U.S. Military action in Venezuela is smart, necessary

Sara Varela



With Trump’s tough talk on North Korea, Americans feel they will be soon fighting another war. But there’s yet another country in Trump’s mind where military intervention, not necessarily war, may be applicable.

And while the media is focused on the America-North Korea front, Vice President Pence is touring Latin America to talk about that particular country: Venezuela.

Pence has taken on the task of informing the continent’s leaders of the imminent military action the U.S. will take on Maduro’s regime. Obviously, they aren’t saying so upfront but it’s safe to assume that the decision of using military force to remove Maduro and friends has already been taken.

And while some may not understand what interests the U.S. has in overthrowing the Maduro regime, let me tell you that there are many crucial factors that come into play.

As Pence himself has admitted during this South American tour, a “failed state in Venezuela will endanger the security, prosperity, and well-being of all who call the Western Hemisphere home.”

What he means is that a country that has allowed, for over a decade, terrorists from groups such as Hezbollah and Hamas in its soil and that has also given them Venezuelan passports represents a threat to the national security of the U.S.

We can also add the fact that Maduro’s close relationship to Russia and China, and even North Korea, is also a threat to the U.S.

Additionally, Venezuela’s crisis is contributing to hundreds of thousands fleeing the torn country, which translates into neighboring countries overwhelmed by Venezuelans in need of shelter.

Luckily for Venezuelans, Colombia, Argentina and Peru have opened their doors to those escaping offering free education and health care, among others, to Venezuelans.

There’s no denying that Venezuela is an imminent danger to the safety and national security of the U.S. and as such, it becomes a priority in Trump’s foreign policy.

Many in Venezuela, including the traitors within the opposition, would argue, senselessly, that a military “intervention” is Trump overstepping boundaries. However, it isn’t the case at all.

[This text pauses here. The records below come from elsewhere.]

lemma oproj_cprod:
  assumes "\<forall>i\<in>set l. oproj (q i)" "\<forall>i\<in>set l. \<forall>i'\<in>set l. commute (q i) (q i')"
  shows "oproj (cprod q l)"
  using assms
proof (induction l)
  case Nil
  show ?case using lmap_restr by (simp add: oproj_def selfadj_def idem_def)
next
  case (Cons j l)
  have lm: "\<forall>i\<in>set l. lmap (q i)" and qj: "oproj (q j)" using Cons.prems by (auto simp: oproj_def)
  have "commute (q j) (cprod q l)"
    using Cons.prems qj lm by (intro commute_cprod) (auto simp: oproj_def)
  then have "commute (compl (q j)) (cprod q l)"
    by (rule commute_sym[OF commute_compl[OF lmap_cprod[OF lm] commute_sym]])
  moreover have "oproj (cprod q l)" using Cons by simp
  ultimately show ?case using oproj_comp[OF oproj_compl[OF qj]] by simp
qed

lemma lmap_smul: "lmap (smul c)"
  by (auto simp: lmap_def smul_def restr_def fun_eq_iff algebra_simps)

lemma lmap_sum_map: "\<forall>i\<in>I. lmap (f i) \<Longrightarrow> lmap (\<lambda>\<phi>. \<Sum>i\<in>I. f i \<phi>)"
proof (induction I rule: infinite_finite_induct)
  case (insert x F)
  have "(\<lambda>\<phi>. \<Sum>i\<in>insert x F. f i \<phi>) = (\<lambda>\<phi>. f x \<phi> + (\<Sum>i\<in>F. f i \<phi>))"
    using insert(1,2) by simp
  then show ?case using insert lmap_add_map[of "f x" "\<lambda>\<phi>. \<Sum>i\<in>F. f i \<phi>"] by (simp only:) simp
qed (simp_all add: lmap_zero_map)

lemma lmap_sum_list_map: "\<forall>x\<in>set xs. lmap (f x) \<Longrightarrow> lmap (\<lambda>\<phi>. sum_list (map (\<lambda>x. f x \<phi>) xs))"
proof (induction xs)
  case (Cons x xs)
  have "(\<lambda>\<phi>. sum_list (map (\<lambda>y. f y \<phi>) (x # xs))) = (\<lambda>\<phi>. f x \<phi> + sum_list (map (\<lambda>y. f y \<phi>) xs))"
    by simp
  then show ?case
    using Cons lmap_add_map[of "f x" "\<lambda>\<phi>. sum_list (map (\<lambda>y. f y \<phi>) xs)"] by (simp only:) simp
qed (simp add: lmap_zero_map)
lemma gadget_partner:
  assumes "x \<in> gadget i"
  obtains w where "gadget i = {x, w}" "w \<noteq> x"
proof -
  from assms consider "x = 2 * i + 1" | "x = 2 * i + 2"
    unfolding gadget_def by blast
  then show ?thesis
  proof cases
    case 1
    then show ?thesis by (intro that[of "2 * i + 2"]) (auto simp: gadget_def)
  next
    case 2
    then show ?thesis by (intro that[of "2 * i + 1"]) (auto simp: gadget_def insert_commute)
  qed
qed

lemma trap_spoke_in_gadget: "trap_spoke P i \<in> gadget i"
  unfolding trap_spoke_def gadget_def by auto

lemma connected_graph_if_reaches_hub:
  assumes "\<And>v. v \<in> V \<Longrightarrow> (v, c) \<in> {(x, y). {x, y} \<in> F}\<^sup>*"
  shows "connected_graph V F"
proof -
  let ?R = "{(x, y). {x, y} \<in> F}"
  have "sym (?R\<^sup>*)"
    by (rule sym_rtrancl) (auto intro: symI simp: insert_commute)
  then show ?thesis
    unfolding connected_graph_def using assms by (meson rtrancl_trans symD)
qed

lemma simple_graph_star_matching:
  "2 * m < n \<Longrightarrow> simple_graph {..<n} (star_matching n m)"
  unfolding simple_graph_def star_matching_def gadget_def by force

lemma connected_star_matching: "connected_graph {..<n} (star_matching n m)"
proof (rule connected_graph_if_reaches_hub)
  fix v assume "v \<in> {..<n}"
  then have "v = 0 \<or> {v, 0} \<in> star_matching n m"
    unfolding star_matching_def by (auto simp: insert_commute)
  then show "(v, 0) \<in> {(x, y). {x, y} \<in> star_matching n m}\<^sup>*"
    by auto
qed

lemma card_star_matching_le: "card (star_matching n m) \<le> n + m"
proof -
  have "card (star_matching n m) \<le> card ((\<lambda>v. {0, v}) ` {1..<n}) + card (gadget ` {..<m})"
    unfolding star_matching_def by (rule card_Un_le)
  also have "\<dots> \<le> card {1..<n} + card {..<m}"
    by (intro add_mono card_image_le) auto
  finally show ?thesis
    by simp
qed

lemma trap_edges_subset: "trap_edges n m P \<subseteq> star_matching n m"
  unfolding trap_edges_def by auto

lemma spoke_in_trap_edges:
  assumes "0 < v" "v < n" "\<And>i. i < m \<Longrightarrow> v \<noteq> trap_spoke P i"
  shows "{0, v} \<in> trap_edges n m P"
  using assms unfolding trap_edges_def star_matching_def by (auto simp: doubleton_eq_iff)

lemma gadget_in_trap_edges:
  assumes "i < m"
  shows "gadget i \<in> trap_edges n m P"
proof -
  have "gadget i \<in> star_matching n m"
    using assms unfolding star_matching_def by blast
  moreover have "gadget i \<noteq> {0, v}" for v
    using zero_notin_gadget[of i] by blast
  ultimately show ?thesis
    unfolding trap_edges_def by blast
qed

lemma connected_trap_edges:
  assumes "2 * m < n"
  shows "connected_graph {..<n} (trap_edges n m P)"
proof (rule connected_graph_if_reaches_hub)
  let ?R = "{(x, y). {x, y} \<in> trap_edges n m P}"
  have to_centre: "(w, 0) \<in> ?R"
    if "0 < w" "w < n" "\<And>i. i < m \<Longrightarrow> w \<noteq> trap_spoke P i" for w
    using spoke_in_trap_edges[OF that] by (simp add: insert_commute)
  fix v assume "v \<in> {..<n}"
  then have v: "v < n" by simp
  consider "v = 0" | "0 < v" "\<And>i. i < m \<Longrightarrow> v \<noteq> trap_spoke P i"
    | i where "i < m" "v = trap_spoke P i"
    by blast
  then show "(v, 0) \<in> ?R\<^sup>*"
  proof cases
    case 1
    then show ?thesis by simp
  next
    case 2
    then show ?thesis using to_centre[OF _ v] by blast
  next
    case (3 i)
    obtain w where w: "gadget i = {v, w}" "w \<noteq> v"
      using gadget_partner[OF trap_spoke_in_gadget[of P i]] unfolding 3(2) .
    have "w \<in> gadget i"
      using w(1) by simp
    then have "0 < w" "w < n"
      using 3(1) assms unfolding gadget_def by auto
    moreover have "w \<noteq> trap_spoke P j" for j
    proof
      assume j: "w = trap_spoke P j"
      then have "j = i"
        using gadget_unique \<open>w \<in> gadget i\<close> trap_spoke_in_gadget by blast
      then show False
        using j 3(2) w(2) by simp
    qed
    ultimately have "(w, 0) \<in> ?R"
      using to_centre by blast
    moreover have "(v, w) \<in> ?R"
      using gadget_in_trap_edges[OF 3(1)] w(1) by simp
    ultimately show ?thesis
      by (meson converse_rtrancl_into_rtrancl r_into_rtrancl)
  qed
qed

lemma trap_edges_confine:
  assumes x: "x \<in> gadget i" and "i < m" and P: "P \<inter> gadget i = {x}"
    and edge: "{x, y} \<in> trap_edges n m P"
  shows "y \<in> gadget i"
proof -
  have "trap_spoke P i = x"
    using x P unfolding trap_spoke_def gadget_def by auto
  then have "{x, y} \<noteq> {0, x}"
    using edge \<open>i < m\<close> unfolding trap_edges_def by blast
  moreover have "x \<noteq> 0"
    using x zero_notin_gadget by metis
  ultimately have "{x, y} \<notin> (\<lambda>v. {0, v}) ` {1..<n}"
    by (auto simp: doubleton_eq_iff)
  then obtain j where "{x, y} = gadget j"
    using edge unfolding trap_edges_def star_matching_def by blast
  moreover have "j = i"
    using gadget_unique x calculation by blast
  ultimately show ?thesis
    by blast
qed
(* For all $n\ge 2$, $\sum_{i=0}^{n-1} g_i g_{n-1-i}=g_n+f_n$.
   Context: For $x\in S_n$, $\mathrm{ind}_x(a)$ is the position of the value $a$ in $x$, and $\mathrm{small}_{k}(x)$ is the subsequence of $x$ formed by the entries $1,\dots,k$. An occurrence of the bivincular pattern $123^{\star}$ in $x$ is a pair of indices $a<b<n$ with $x_a<x_b$ and $x_{b+1}=x_b+1$. Let $g_n=|\mathrm{Av}_n(132,123^{\star})|$ be the number of permutations in $S_n$ avoiding both the classical pattern $132$ and $123^{\star}$ (with $g_0=1$), and let $f_n$ be the number of $x\in S_n$ avoiding $132$ such that $\mathrm{ind}_x(n)-1=\mathrm{ind}_x(n-1)>1$ and $\mathrm{small}_{n-1}(x)$ avoids $123^{\star}$. *)

theory Defs
  imports Main
begin

text \<open>Permutations of [n] in one-line notation: lists of length n whose entries are
  exactly 1..n (distinct). List positions are 0-based; the paper's positions are 1-based.\<close>
definition perms :: "nat \<Rightarrow> nat list set" where
  "perms n = {xs. distinct xs \<and> set xs = {1..n}}"

definition contains132 :: "nat list \<Rightarrow> bool" where
  "contains132 xs \<longleftrightarrow> (\<exists>i j k. i < j \<and> j < k \<and> k < length xs \<and>
      xs ! i < xs ! k \<and> xs ! k < xs ! j)"

definition contains123star :: "nat list \<Rightarrow> bool" where
  "contains123star xs \<longleftrightarrow> (\<exists>a b. a < b \<and> Suc b < length xs \<and>
      xs ! a < xs ! b \<and> xs ! Suc b = xs ! b + 1)"
lemma card_3_ordered:
  fixes \<sigma> :: "'v::linorder set"
  assumes "card \<sigma> = 3"
  obtains a b c where "a < b" "b < c" "\<sigma> = {a, b, c}"
proof -
  have "finite \<sigma>"
    using assms card.infinite by fastforce
  define xs where "xs = sorted_list_of_set \<sigma>"
  have "length xs = 3" "sorted_wrt (<) xs" "set xs = \<sigma>"
    using assms \<open>finite \<sigma>\<close> by (simp_all add: xs_def)
  then obtain a b c where "xs = [a, b, c]"
    by (metis (no_types) length_0_conv length_Suc_conv numeral_3_eq_3)
  then show ?thesis
    using that \<open>sorted_wrt (<) xs\<close> \<open>set xs = \<sigma>\<close> by auto
qed

lemma incidence_edge:
  fixes x y :: "'v::linorder"
  assumes "x < y"
  shows "incidence {x, y} \<tau> = (if \<tau> = {y} then 1 else if \<tau> = {x} then -1 else 0)"
proof -
  have card_xy: "card {x, y} = 2"
    using assms by simp
  have "incidence {x, y} {y} = (-1) ^ 0"
    using assms card_xy by (intro incidence_eqI[where v = x]) auto
  moreover have "{w\<in>{x, y}. w < y} = {x}"
    using assms by auto
  then have "incidence {x, y} {x} = (-1) ^ 1"
    using assms card_xy by (intro incidence_eqI[where v = y]) auto
  moreover have "incidence {x, y} \<tau> = 0" if "\<tau> \<noteq> {y}" "\<tau> \<noteq> {x}"
  proof (rule ccontr)
    assume "incidence {x, y} \<tau> \<noteq> 0"
    then have "\<tau> \<subseteq> {x, y}" "card \<tau> = 1"
      using incidence_nonzeroD card_xy by fastforce+
    then show False
      using that by (auto simp: card_1_singleton_iff)
  qed
  ultimately show ?thesis
    using assms by auto
qed

lemma incidence_triangle:
  fixes a b c :: "'v::linorder"
  assumes "a < b" "b < c"
  shows "incidence {a, b, c} {a, b} = 1" "incidence {a, b, c} {a, c} = -1"
    "incidence {a, b, c} {b, c} = 1"
proof -
  have card_abc: "card {a, b, c} = 3"
    using assms by (auto simp: card_insert_if)
  have "{w\<in>{a, b, c}. w < c} = {a, b}"
    using assms by auto
  then have "incidence {a, b, c} {a, b} = (-1) ^ 2"
    using assms card_abc by (intro incidence_eqI[where v = c]) auto
  then show "incidence {a, b, c} {a, b} = 1"
    by simp
  have "{w\<in>{a, b, c}. w < b} = {a}"
    using assms by auto
  then have "incidence {a, b, c} {a, c} = (-1) ^ 1"
    using assms card_abc by (intro incidence_eqI[where v = b]) auto
  then show "incidence {a, b, c} {a, c} = -1"
    by simp
  have "{w\<in>{a, b, c}. w < a} = {}"
    using assms by auto
  then have "incidence {a, b, c} {b, c} = (-1) ^ 0"
    using assms card_abc by (intro incidence_eqI[where v = a]) auto
  then show "incidence {a, b, c} {b, c} = 1"
    by simp
qed

lemma face_in_complex:
  assumes "simplicial_complex K" "\<sigma> \<in> K" "\<tau> \<subseteq> \<sigma>" "\<tau> \<noteq> {}"
  shows "\<tau> \<in> K"
  using assms unfolding simplicial_complex_def by blast

lemma finite_simplices: "simplicial_complex K \<Longrightarrow> finite (simplices K k)"
  by (simp add: simplicial_complex_def simplices_def)

lemma boundary_boundary_simplex:
  fixes K :: "'v::linorder set set"
  assumes K: "simplicial_complex K" and \<sigma>: "\<sigma> \<in> simplices K 2"
  shows "(\<Sum>e\<in>edges K. incidence \<sigma> e * incidence e \<tau>) = 0"
proof -
  have "card \<sigma> = 3" "\<sigma> \<in> K"
    using \<sigma> by (simp_all add: simplices_def)
  then obtain a b c where abc: "a < b" "b < c" and \<sigma>_eq: "\<sigma> = {a, b, c}"
    using card_3_ordered by blast
  then have distinct: "a \<noteq> b" "a \<noteq> c" "b \<noteq> c"
    by auto
  let ?F = "{{a, b}, {a, c}, {b, c}}"
  have "?F \<subseteq> edges K"
    using face_in_complex[OF K \<open>\<sigma> \<in> K\<close>] abc \<sigma>_eq by (auto simp: simplices_def)
  moreover have "incidence \<sigma> e = 0" if "e \<notin> ?F" for e
  proof (rule ccontr)
    assume "incidence \<sigma> e \<noteq> 0"
    then have "e \<subseteq> {a, b, c}" "card e = 2"
      using incidence_nonzeroD \<open>card \<sigma> = 3\<close> \<sigma>_eq by fastforce+
    moreover obtain x y where "e = {x, y}" "x \<noteq> y"
      using \<open>card e = 2\<close> by (auto simp: card_2_iff)
    ultimately show False
      using that by (auto simp: doubleton_eq_iff)
  qed
  ultimately have "(\<Sum>e\<in>edges K. incidence \<sigma> e * incidence e \<tau>) =
      (\<Sum>e\<in>?F. incidence \<sigma> e * incidence e \<tau>)"
    by (intro sum.mono_neutral_right finite_simplices[OF K]) auto
  also have "\<dots> = incidence {a, b} \<tau> - incidence {a, c} \<tau> + incidence {b, c} \<tau>"
  proof -
    have "{a, b} \<noteq> {a, c}" "{a, b} \<noteq> {b, c}" "{a, c} \<noteq> {b, c}"
      using distinct by (auto simp: doubleton_eq_iff)
    then show ?thesis
      using incidence_triangle[OF abc] by (simp add: \<sigma>_eq)
  qed
  also have "\<dots> = 0"
    using abc distinct by (simp add: incidence_edge)
  finally show ?thesis .
qed

lemma chain_boundary_boundary:
  fixes K :: "'v::linorder set set"
  assumes "simplicial_complex K"
  shows "chain_boundary K 1 (chain_boundary K 2 d) \<tau> = 0"
proof -
  have "chain_boundary K 1 (chain_boundary K 2 d) \<tau> =
      (\<Sum>e\<in>edges K. \<Sum>\<sigma>\<in>simplices K 2. d \<sigma> * (incidence \<sigma> e * incidence e \<tau>))"
    by (simp add: chain_boundary_def sum_distrib_right mult.assoc)
  also have "\<dots> = (\<Sum>\<sigma>\<in>simplices K 2. d \<sigma> * (\<Sum>e\<in>edges K. incidence \<sigma> e * incidence e \<tau>))"
    by (subst sum.swap) (simp add: sum_distrib_left)
  also have "\<dots> = 0"
    using boundary_boundary_simplex[OF assms] by simp
  finally show ?thesis .
qed

lemma is_chain_chain_boundary:
  assumes "simplicial_complex K"
  shows "is_chain K k (chain_boundary K (Suc k) d)"
  unfolding is_chain_def
proof (intro allI impI)
  fix \<tau> assume "chain_boundary K (Suc k) d \<tau> \<noteq> 0"
  then obtain \<sigma> where \<sigma>: "\<sigma> \<in> simplices K (Suc k)" "incidence \<sigma> \<tau> \<noteq> 0"
    unfolding chain_boundary_def by (metis (no_types, lifting) mult_zero_right sum.neutral)
  then have "\<tau> \<subseteq> \<sigma>" "card \<tau> = Suc k" "\<sigma> \<in> K"
    using incidence_nonzeroD by (fastforce simp: simplices_def)+
  moreover have "\<tau> \<noteq> {}"
    using \<open>card \<tau> = Suc k\<close> by auto
  ultimately show "\<tau> \<in> simplices K k"
    using face_in_complex[OF assms] by (auto simp: simplices_def)
qed

lemma chain_boundary_indicator:
  assumes "finite (simplices K k)" "\<sigma> \<in> simplices K k"
  shows "chain_boundary K k (indicator {\<sigma>}) = incidence \<sigma>"
  using assms by (simp add: chain_boundary_def indicator_def)

lemma linear_chain_boundary: "linear (chain_boundary K k)"
  by (rule linearI) (auto simp: chain_boundary_def sum.distrib sum_distrib_left algebra_simps)

lemma subspace_chains: "subspace {z. is_chain K k z}"
  unfolding subspace_def is_chain_def by (auto simp: plus_fun_def) (metis add.right_neutral)

lemma subspace_boundaries: "subspace {b. is_boundary K k b}"
proof -
  have "{b. is_boundary K k b} = chain_boundary K (Suc k) ` {d. is_chain K (Suc k) d}"
    by (auto simp: is_boundary_def)
  then show ?thesis
    using linear_subspace_image[OF linear_chain_boundary subspace_chains] by metis
qed

lemma edges_complex_minus:
  assumes "A \<subseteq> edges K"
  shows "simplices (complex_minus K A) 1 = edges K - A"
proof -
  have "\<alpha> = \<sigma>" if "\<alpha> \<in> edges K" "\<sigma> \<in> edges K" "\<alpha> \<subseteq> \<sigma>" for \<alpha> \<sigma>
    using that card_subset_eq[of \<sigma> \<alpha>] card.infinite[of \<sigma>] by (auto simp: simplices_def)
  then show ?thesis
    using assms by (auto simp: simplices_def complex_minus_def)
qed

definition relative_boundaries :: "'v::linorder set set \<Rightarrow> 'v set set \<Rightarrow> ('v set \<Rightarrow> real) set" where
  "relative_boundaries K A =
     {b + z | b z. is_boundary K 1 b \<and> is_chain (complex_minus K A) 1 z}"

lemma subspace_relative_boundaries: "subspace (relative_boundaries K A)"
  unfolding relative_boundaries_def
  using subspace_sums[OF subspace_boundaries subspace_chains] by simp

lemma boundary_in_relative_boundaries:
  "is_boundary K 1 b \<Longrightarrow> b \<in> relative_boundaries K A"
  unfolding relative_boundaries_def
  by (intro CollectI exI[of _ b] exI[of _ 0]) (auto simp: is_chain_def)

Adding to what was explained above, Venezuela isn’t only abiding terrorists, but it’s run by drug dealers. The infamous Cartel de los Soles is run by the highest-ranking members of the Armed Forces and the regime. Diosdado Cabello, one of the highest members of the regime, is the boss of the cartel.

Venezuela’s Vice President Tareck El-Aissami is wanted by the U.S. for drug trafficking.

Venezuela has become the central point of drug trafficking in the continent, allowing drugs from South America to make its way to America, Africa and Europe.

But what can be the crucial factor of this issue is the fact that a failed state in Venezuela with a regime that’s friends with North Korea is bad news for the U.S. in the face of the eventual U.S.-North Korea conflict.

The U.S. military action in Venezuela isn’t only understandable, but a smart move and, more importantly, necessary not only for the U.S. but for the Venezuelan people.

It’s smart because they would be solving several problems that affect them: drug trafficking, national security and terrorism.

And lastly, it’s necessary because the Venezuelan people are suffering and, without international help, there’s no end to our suffering in the near future.

Should the Maduro regime continue in power, approximately 80 percent of the population will live in poverty, more and more people will continue to die due to the lack of medicines and food, and the country, which was once the richest in the continent and synonymous for prosperity and progress, will become a failed state.

To my fellow Venezuelans I would say that if they are scared of such actions coming from the U.S. then we should think of Panama and Cuba and which direction we would like our country to go to.

The U.S. intervention in Panama to take out Noriega determined that country’s future. It helped Panama become what it is today: a prosperous country with state-of-the-art infrastructure.

While Cuba, where the Castros have ruled for the past five decades, is a country that is stuck in time. It’s a country where human rights are non-existing, where people own nothing without the State’s approval, where saying what you think means jail or death, where you have to flee risking your life to do so.

Trump has the future of the Venezuelan people in his hands, and I, for once, hope that he makes the right move.